Azobis(isobutyronitrile) dissolved in a minimum amount of a suitable 
solvent is the preferred initiator. 
It is preferred to use from 0.01 to 1 part of initiator per 100 parts by 
weight of component (2), most preferably from 0.05 to 0.5 part. 
In addition to the hydroxy functional acrylate used in the present process, 
it is possible to use in addition thereto other hydroxy functional 
compounds containing ethylenically unsaturated groups. From 0 to 50 parts 
by weight per 100 parts of component 2 and, preferably from 8 to 15 parts 
can be used. Examples of such compounds include hydroxy terminated 
butadiene homopolymers, hydroxy-terminated butadiene-styrene copolymers 
and hydroxy terminated butadiene-acrylonitrile copolymers available from 
ARCO, trimethylol propane di-2-propenyl ether, and the like. These 
compounds are not in themselves sufficiently active to provide molded 
fabrics which are sufficiently stiff to retain their shapes. They also 
tend to be too insoluble in the polyol blend to be storage stable for any 
prolonged period of time. 
While the process for making the polyurethane backed fabrics can generally 
utilize any known formulation for making polyurethane foams, certain 
preferred general formulations have been found to be most advantageous in 
optimizing the backed fabric properties. In general, in addition to the 
polyisocyanate, compounds containing active hydrogen atoms, silicone 
surfactant, heat activated catalyst and blowing agent or inert gas for 
frothing, it is useful to include a chain extender and substantial amounts 
of an inorganic filler. 
As is known in the art, compounds useful in preparing polyurethane foams 
include organic compounds with at least two hydrogen atoms capable of 
reacting with isocyanates and having molecular weights of from about 400 
to 16,000. The active hydrogen containing compounds used in the present 
invention should contain essentially no ethylenically unsaturated groups. 

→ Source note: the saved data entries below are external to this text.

definition euler :: "nat \<Rightarrow> complex \<Rightarrow> KC \<Rightarrow> KC \<Rightarrow> complex" where
  "euler n Q a b = Hpair n (Psi n Q a) (exp_theta n (exp_rho n (Psi n Q b))) / (2 * of_real pi)"

definition Tclass :: "nat \<Rightarrow> KC" where
  "Tclass n = Lgen 1 + Lgen 2 + Lgen 3 - Lbig n - 1"

definition sigma :: "nat \<Rightarrow> KC \<Rightarrow> KC" where
  "sigma n x = Tclass n * x"

definition kappa :: "nat \<Rightarrow> nat" where
  "kappa n = 2 * (n - 2)"

definition beta0 :: "nat \<Rightarrow> KC \<Rightarrow> KC" where
  "beta0 n b = Poly_Mapping.map (\<lambda>c. c / of_nat (kappa n)) (\<Sum>k<kappa n. (sigma n ^^ k) b)"

end

theory Submission
  imports Defs
begin

text \<open>Multiplication by the tangent class \<open>T\<close> fixes the rank, raises the degree by
  \<open>deg T = 1/(n-2)\<close> and multiplies each character \<open>\<chi>\<^sub>j\<^sub>,\<^sub>p\<close> by the nontrivial
  root of unity \<open>\<chi>\<^sub>j\<^sub>,\<^sub>p(T) = exp(-2\<pi>i p/a\<^sub>j)\<close>, whose order divides \<open>\<kappa>\<close>.
  Averaging over \<open>\<sigma>\<^sup>k\<close>, \<open>0 \<le> k < \<kappa>\<close>, therefore kills every twisted component of
  \<open>\<Psi>(\<beta>)\<close>, keeps the rank and shifts the degree by \<open>rk \<beta> (\<kappa>-1)/(2(n-2))\<close>.
  When one argument has no twisted components, the Euler pairing only sees
  the untwisted sector, where it equals
  \<open>rk a deg b - rk b deg a + rk a rk b/(2(n-2))\<close>; substituting the averaged
  rank and degree gives both formulas.\<close>

lemma lin_ext_superset:
  assumes "finite S" "Poly_Mapping.keys x \<subseteq> S"
  shows "lin_ext f x = (\<Sum>m\<in>S. Poly_Mapping.lookup x m * f m)"
  unfolding lin_ext_def
  by (rule sum.mono_neutral_left) (use assms in \<open>auto simp: in_keys_iff\<close>)

lemma lin_ext_zero [simp]: "lin_ext f 0 = 0"
  by (simp add: lin_ext_def)

lemma lin_ext_add: "lin_ext f (x + y) = lin_ext f x + lin_ext f y"
  using keys_add[of x y]
  by (subst (1 2 3) lin_ext_superset[where S = "Poly_Mapping.keys x \<union> Poly_Mapping.keys y"])
     (auto simp: lookup_add sum.distrib algebra_simps)

lemma lin_ext_uminus: "lin_ext f (- x) = - lin_ext f x"
  by (simp add: lin_ext_def sum_negf)

lemma lin_ext_diff: "lin_ext f (x - y) = lin_ext f x - lin_ext f y"
  using lin_ext_add[of f x "- y"] by (simp add: lin_ext_uminus)

lemma lin_ext_sum: "lin_ext f (\<Sum>k\<in>A. g k) = (\<Sum>k\<in>A. lin_ext f (g k))"
  by (induction A rule: infinite_finite_induct) (auto simp: lin_ext_add)

lemma lin_ext_single [simp]: "lin_ext f (Poly_Mapping.single a c) = c * f a"
  by (subst lin_ext_superset[where S = "{a}"]) auto

lemma lin_ext_map_divide:
  "lin_ext f (Poly_Mapping.map (\<lambda>c. c / k) x) = lin_ext f x / (k :: complex)"
proof -
  have lookup: "Poly_Mapping.lookup (Poly_Mapping.map (\<lambda>c. c / k) x) m = Poly_Mapping.lookup x m / k"
    for m by transfer (auto simp: when_def)
  then have "Poly_Mapping.keys (Poly_Mapping.map (\<lambda>c. c / k) x) \<subseteq> Poly_Mapping.keys x"
    by (auto simp: in_keys_iff)
  then show ?thesis
    by (subst (1 2) lin_ext_superset[where S = "Poly_Mapping.keys x"])
       (auto simp: lookup sum_divide_distrib)
qed

lemma lin_ext_mult:
  "lin_ext f (x * y) = (\<Sum>a\<in>Poly_Mapping.keys x. \<Sum>b\<in>Poly_Mapping.keys y.
      Poly_Mapping.lookup x a * Poly_Mapping.lookup y b * f (a + b))"
proof -
  have expand: "z = (\<Sum>m\<in>Poly_Mapping.keys z. Poly_Mapping.single m (Poly_Mapping.lookup z m))"
    for z :: KC
    by (rule poly_mapping_eqI) (auto simp: lookup_sum lookup_single when_def in_keys_iff)
  have "x * y = (\<Sum>a\<in>Poly_Mapping.keys x. \<Sum>b\<in>Poly_Mapping.keys y.
      Poly_Mapping.single (a + b) (Poly_Mapping.lookup x a * Poly_Mapping.lookup y b))"
    by (subst expand[of x], subst expand[of y]) (simp add: sum_product mult_single)
  then show ?thesis
    by (simp add: lin_ext_sum)
qed

lemma lin_ext_mult_of_hom:
  assumes "\<And>a b. f (a + b) = f a * f b"
  shows "lin_ext f (x * y) = lin_ext f x * lin_ext f y"
  unfolding lin_ext_mult assms by (simp add: lin_ext_def sum_product mult_ac)

lemma lin_ext_mult_of_additive:
  assumes "\<And>a b. f (a + b) = f a + f b"
  shows "lin_ext f (x * y) = lin_ext (\<lambda>_. 1) x * lin_ext f y + lin_ext f x * lin_ext (\<lambda>_. 1) y"
proof -
  have "lin_ext f (x * y) = (\<Sum>a\<in>Poly_Mapping.keys x. \<Sum>b\<in>Poly_Mapping.keys y.
      Poly_Mapping.lookup x a * (Poly_Mapping.lookup y b * f b))
    + (\<Sum>a\<in>Poly_Mapping.keys x. \<Sum>b\<in>Poly_Mapping.keys y.
      Poly_Mapping.lookup x a * f a * Poly_Mapping.lookup y b)"
    unfolding lin_ext_mult assms by (simp add: distrib_left sum.distrib mult_ac)
  then show ?thesis
    by (simp add: lin_ext_def sum_product)
qed

lemma expo_add: "expo (a + b) i = expo a i + expo b i"
  by (cases a; cases b) (auto simp: expo_def)

lemma rk_mult: "rk (x * y) = rk x * rk y"
  unfolding rk_def by (rule lin_ext_mult_of_hom) simp

lemma deg_mult: "deg n (x * y) = rk x * deg n y + deg n x * rk y"
  unfolding rk_def deg_def
  by (rule lin_ext_mult_of_additive) (simp add: expo_add add_divide_distrib sum.distrib)

lemma chi_mult: "chi n j p (x * y) = chi n j p x * chi n j p y"
  unfolding chi_def
  by (rule lin_ext_mult_of_hom) (simp add: expo_add power_add prod.distrib)

lemma one_eq_single: "(1 :: KC) = Poly_Mapping.single (0, 0, 0) 1"
proof -
  have "(0, 0, 0) = (0 :: nat \<times> nat \<times> nat)"
    by (simp add: zero_prod_def)
  then show ?thesis
    by simp
qed

lemma of_nat_neq_2:
  assumes "n \<ge> 3"
  shows "of_nat n \<noteq> (2 :: complex)"
proof
  assume "of_nat n = (2 :: complex)"
  then have "of_nat n = (of_nat 2 :: complex)"
    by simp
  then have "n = 2"
    by (simp only: of_nat_eq_iff)
  with assms show False
    by simp
qed

lemma Lbig_eq_single: "Lbig n = Poly_Mapping.single (n - 2, 0, 0) 1"
proof -
  have "Lgen 1 ^ k = Poly_Mapping.single (k, 0, 0) 1" for k
    by (induction k) (auto simp: Lgen_def mult_single one_eq_single)
  then show ?thesis
    by (simp add: Lbig_def)
qed

lemma Tclass_eq_singles:
  "Tclass n = Poly_Mapping.single (1, 0, 0) 1 + Poly_Mapping.single (0, 1, 0) 1
     + Poly_Mapping.single (0, 0, 1) 1 - Poly_Mapping.single (n - 2, 0, 0) 1
     - Poly_Mapping.single (0, 0, 0) 1"
  by (simp add: Tclass_def Lbig_eq_single Lgen_def one_eq_single)

lemma rk_Tclass: "rk (Tclass n) = 1"
  by (simp add: Tclass_eq_singles rk_def lin_ext_add lin_ext_diff)

lemma deg_Tclass:
  assumes "n \<ge> 3"
  shows "deg n (Tclass n) = 1 / of_nat (n - 2)"
proof -
  have "of_nat (n - 2) \<noteq> (0 :: complex)" "of_nat n \<noteq> (2 :: complex)"
    using assms of_nat_neq_2[OF assms] by simp_all
  then show ?thesis
    by (simp add: Tclass_eq_singles deg_def lin_ext_add lin_ext_diff expo_def orb_order_def)
qed

lemma exp_root_of_unity_power:
  "exp (- 2 * of_real pi * \<i> * of_nat p / of_nat a) ^ (a * q) = 1"
proof (cases "a = 0")
  case False
  have "exp (- 2 * of_real pi * \<i> * of_nat p / of_nat a) ^ a = exp (- 2 * of_real pi * \<i> * of_nat p)"
    using False by (simp add: exp_of_nat_mult[symmetric])
  also have "\<dots> = 1"
    by (simp add: exp_eq_1) (rule exI[of _ "- int p"], simp)
  finally show ?thesis
    by (simp add: power_mult)
qed simp

lemma exp_root_of_unity_neq_1:
  assumes "0 < p" "p < a"
  shows "exp (- 2 * of_real pi * \<i> * of_nat p / of_nat a) \<noteq> 1"
proof
  assume "exp (- 2 * of_real pi * \<i> * of_nat p / of_nat a) = 1"
  then obtain k :: int where "- (2 * pi * real p / real a) = 2 * real_of_int k * pi"
    by (auto simp: exp_eq_1)
  then have "2 * pi * real_of_int k = 2 * pi * - (real p / real a)"
    by simp
  then have "real_of_int k = - (real p / real a)"
    by (simp only: mult_cancel_left) simp
  moreover have "0 < real p / real a" "real p / real a < 1"
    using assms by auto
  ultimately have "real_of_int (- 1) < real_of_int k \<and> real_of_int k < real_of_int 0"
    by simp
  then show False
    by (simp only: of_int_less_iff) presburger
qed

lemma chi_Tclass:
  assumes "n \<ge> 3" "tw_valid n j p"
  shows "chi n j p (Tclass n) = exp (- 2 * of_real pi * \<i> * of_nat p / of_nat (orb_order n j))"
proof (cases "j = 1")
  case True
  have "exp (- 2 * of_real pi * \<i> * of_nat p / of_nat (n - 2)) ^ ((n - 2) * 1) = 1"
    by (rule exp_root_of_unity_power)
  then show ?thesis
    using True assms
    by (simp add: Tclass_eq_singles chi_def lin_ext_add lin_ext_diff expo_def orb_order_def)
next
  case False
  then have "p = 1" "orb_order n j = 2" "j \<in> {2, 3}"
    using assms(2) by (auto simp: tw_valid_def orb_order_def)
  then show ?thesis
    using False
    by (auto simp: Tclass_eq_singles chi_def lin_ext_add lin_ext_diff expo_def orb_order_def)
qed

lemma rk_sigma_iterate: "rk ((sigma n ^^ k) b) = rk b"
  by (induction k) (simp_all add: sigma_def rk_mult rk_Tclass)

lemma deg_sigma_iterate:
  assumes "n \<ge> 3"
  shows "deg n ((sigma n ^^ k) b) = deg n b + of_nat k * rk b / of_nat (n - 2)"
proof (induction k)
  case (Suc k)
  have "(sigma n ^^ Suc k) b = Tclass n * (sigma n ^^ k) b"
    by (simp add: sigma_def)
  with Suc show ?case
    using assms of_nat_neq_2[OF assms] by (simp add: deg_mult rk_sigma_iterate rk_Tclass deg_Tclass
        algebra_simps add_divide_distrib)
qed simp

lemma chi_sigma_iterate: "chi n j p ((sigma n ^^ k) b) = chi n j p (Tclass n) ^ k * chi n j p b"
  by (induction k) (simp_all add: sigma_def chi_mult)

lemma lin_ext_beta0:
  "lin_ext f (beta0 n b) = (\<Sum>k<kappa n. lin_ext f ((sigma n ^^ k) b)) / of_nat (kappa n)"
  by (simp add: beta0_def lin_ext_map_divide lin_ext_sum)

lemma rk_beta0:
  assumes "n \<ge> 3"
  shows "rk (beta0 n b) = rk b"
proof -
  have "rk (beta0 n b) = (\<Sum>k<kappa n. rk ((sigma n ^^ k) b)) / of_nat (kappa n)"
    by (simp only: rk_def lin_ext_beta0)
  then show ?thesis
    using assms of_nat_neq_2[OF assms] by (simp add: rk_sigma_iterate kappa_def)
qed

As is recognized in the art, most polyether polyols will contain very small 
amounts of terminal unsaturated groups. By "essentially no ethylenically 
unsaturated groups" is meant that component (2) does not contain so many 
ethylenically unsaturated groups that they begin to take a significant 
part in the free radical polymerization during step (C) with the 
carbon-carbon double bonds of the acrylate. Apart from compounds 
containing amino groups, thiol groups or carboxyl groups, compounds of 
this type which are preferred are polyhydroxyl compounds. Particularly 
preferred compounds are those containing 2 to 8 hydroxyl groups, and 
expecially those with molecular weights of from 800 to 10,000 (most 
preferably 1,000 to 6,000). Examples include, polyesters, polyethers, 
polythioethers, polyacetals, polycarbonates and polyesteramides containing 
at least 2 and generally 2 to 8 and preferably 2 to 4 hydroxyl groups, of 
the type known per se for the production of homogeneous and cellular 
polyurethanes. 
Examples of suitable polyesters containing hydroxyl groups include reaction 
products of polyhydric, preferably dihydric, and, optionally, trihydric 
alcohols with polyvalent, preferably divalent carboxylic acids. Instead of 
the free polycarboxylic acids the corresponding polycarboxylic acid 
anhydrides or esters with lower alcohols or mixtures thereof may also be 
used for the production of the polyesters. The polycarboxylic acids may be 
aliphatic, cycloaliphatic, aromatic and/or heterocyclic, and may 
optionally be substituted, for example, by halogen atoms. Examples of 
these polycarboxylic acids are succinic acid, adipic acid, suberic acid, 
azelaic acid, sebacic acid, phthalic acid, isophthalic acid, trimellitic 
acid, phthalic acid anhydride, hexahydrophthalic acid anhydride, glutaric 
acid anhydride. Examples of suitable polyhydric alcohols include ethylene 
glycol, 1,2- and 1,3-propylene glycol, 1,4- and 2,3-butylene glycol, 
1,6-hexane diol, 1,8-octane diol, neopentyl glycol, cyclohexane dimethanol 
(1,4-bis-hydroxymethyl-cyclohexane), 2-methyl 1,3-propane diol, glycerol, 
trimethylol-propane, 1,2,6-hexane triol, 1,2,4-butane triol, 
trimethylolethane, pentaerythritol, quinitol, mannitol, sorbitol, methyl 
glycoside, diethylene glycol, triethylene glycol, tetraethylene glycol, 
polyethylene glycols, dipropylene glycol, polypropylene glycols, 
dibutylene glycol and polybutylene glycols. The polyesters may contain 
terminal carboxyl groups. Polyesters glycols of lactones, for example, 
.epsilon.-caprolactone, or hydroxycarboxylic acids, for example, 
.OMEGA.-hydroxycaproic acid, may also be used. 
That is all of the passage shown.